##### Records shown

lemma laplacian_quadratic_form:
  fixes c :: "nat \<Rightarrow> real"
  assumes irrefl: "\<forall>i<N. adj i i = 0" and sym: "\<forall>i<N. \<forall>j<N. adj i j = adj j i"
  shows "2 * (\<Sum>i<N. c i * mat_act (laplacian N adj) c i)
       = (\<Sum>i<N. \<Sum>j<N. adj i j * (c i - c j)^2)"
proof -
  define S where "S = (\<Sum>i<N. \<Sum>j<N. adj i j * (c i * (c i - c j)))"
  have "(\<Sum>i<N. c i * mat_act (laplacian N adj) c i) = S"
    unfolding S_def using irrefl
    by (intro sum.cong refl) (simp add: mat_act_laplacian sum_distrib_left algebra_simps)
  moreover have "S = (\<Sum>i<N. \<Sum>j<N. adj j i * (c j * (c j - c i)))"
    unfolding S_def by (rule sum.swap)
  moreover have "\<dots> = (\<Sum>i<N. \<Sum>j<N. adj i j * (c j * (c j - c i)))"
    using sym by (intro sum.cong refl) auto
  ultimately have "2 * (\<Sum>i<N. c i * mat_act (laplacian N adj) c i)
      = (\<Sum>i<N. \<Sum>j<N. adj i j * (c i * (c i - c j))) + (\<Sum>i<N. \<Sum>j<N. adj i j * (c j * (c j - c i)))"
    unfolding S_def by simp
  also have "\<dots> = (\<Sum>i<N. \<Sum>j<N. adj i j * (c i - c j)^2)"
    by (simp add: sum.distrib[symmetric] algebra_simps power2_eq_square)
  finally show ?thesis .
qed

lemma laplacian_quadratic_form_nonneg:
  fixes c :: "nat \<Rightarrow> real"
  assumes irrefl: "\<forall>i<N. adj i i = 0" and sym: "\<forall>i<N. \<forall>j<N. adj i j = adj j i"
    and nonneg: "\<forall>i<N. \<forall>j<N. 0 \<le> adj i j"
  shows "0 \<le> (\<Sum>i<N. c i * mat_act (laplacian N adj) c i)"
proof -
  have "0 \<le> (\<Sum>i<N. \<Sum>j<N. adj i j * (c i - c j)^2)" using nonneg by (intro sum_nonneg) simp
  thus ?thesis using laplacian_quadratic_form[OF irrefl sym, of c] by simp
qed

lemma laplacian_eigenvalue_nonneg:
  assumes irrefl: "\<forall>i<N. adj i i = 0" and sym: "\<forall>i<N. \<forall>j<N. adj i j = adj j i"
    and nonneg: "\<forall>i<N. \<forall>j<N. 0 \<le> adj i j" and ev: "eigenvalue (laplacian N adj) \<mu>"
  shows "0 \<le> \<mu>"
proof -
  let ?L = "laplacian N adj"
  obtain v where "eigenvector ?L v \<mu>" using ev unfolding eigenvalue_def by blast
  hence v: "v \<in> carrier_vec N" and v0: "v \<noteq> 0\<^sub>v N" and Lv: "?L *\<^sub>v v = \<mu> \<cdot>\<^sub>v v"
    unfolding eigenvector_def by auto
  define c where "c k = v $ k" for k
  have "mat_act ?L c k = \<mu> * c k" if "k < N" for k
  proof -
    have "mat_act ?L c k = (?L *\<^sub>v v) $ k"
      unfolding c_def by (rule mat_act_eq_mult_mat_vec[OF laplacian_carrier v that, symmetric])
    thus ?thesis using Lv v that by (simp add: c_def)
  qed
  hence "(\<Sum>k<N. c k * mat_act ?L c k) = \<mu> * (\<Sum>k<N. c k^2)"
    by (simp add: sum_distrib_left power2_eq_square algebra_simps)
  moreover have "0 \<le> (\<Sum>k<N. c k * mat_act ?L c k)"
    by (rule laplacian_quadratic_form_nonneg[OF irrefl sym nonneg])
  moreover have "0 < (\<Sum>k<N. c k^2)"
  proof -
    obtain k where "k < N" "v $ k \<noteq> 0"
      using v v0 by (metis carrier_vecD eq_vecI index_zero_vec(1,2))
    thus ?thesis by (intro sum_pos2[of _ k]) (simp_all add: c_def)
  qed
  ultimately show ?thesis by (simp add: zero_le_mult_iff)
qed

lemma laplacian_eigenvalue_zero:
  assumes irrefl: "\<forall>i<N. adj i i = 0" and N: "0 < N"
  shows "eigenvalue (laplacian N adj) 0"
proof -
  define v where "v = Matrix.vec N (\<lambda>_. 1::real)"
  have v: "v \<in> carrier_vec N" unfolding v_def by simp
  have "laplacian N adj *\<^sub>v v = 0 \<cdot>\<^sub>v v"
  proof (rule eq_vecI)
    fix k assume "k < dim_vec (0 \<cdot>\<^sub>v v)"
    hence k: "k < N" using v by simp
    have "(laplacian N adj *\<^sub>v v) $ k = mat_act (laplacian N adj) (\<lambda>_. 1::real) k"
      using mat_act_eq_mult_mat_vec[OF laplacian_carrier v k] k by (simp add: v_def mat_act_def)
    thus "(laplacian N adj *\<^sub>v v) $ k = (0 \<cdot>\<^sub>v v) $ k"
      using mat_act_laplacian[of adj k N "\<lambda>_. 1::real"] irrefl k v by simp
  qed (use v in simp)
  moreover have "v \<noteq> 0\<^sub>v N" using N unfolding v_def by (metis index_vec index_zero_vec(1) one_neq_zero)
  ultimately show ?thesis
    using v unfolding eigenvalue_def eigenvector_def by auto
qed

##########

About this task:
Would you please copy each line of the listing that contains the word "lambda"?

Exercise response:
  define v where "v = Matrix.vec N (\<lambda>_. 1::real)"
    have "(laplacian N adj *\<^sub>v v) $ k = mat_act (laplacian N adj) (\<lambda>_. 1::real) k"
      using mat_act_laplacian[of adj k N "\<lambda>_. 1::real"] irrefl k v by simp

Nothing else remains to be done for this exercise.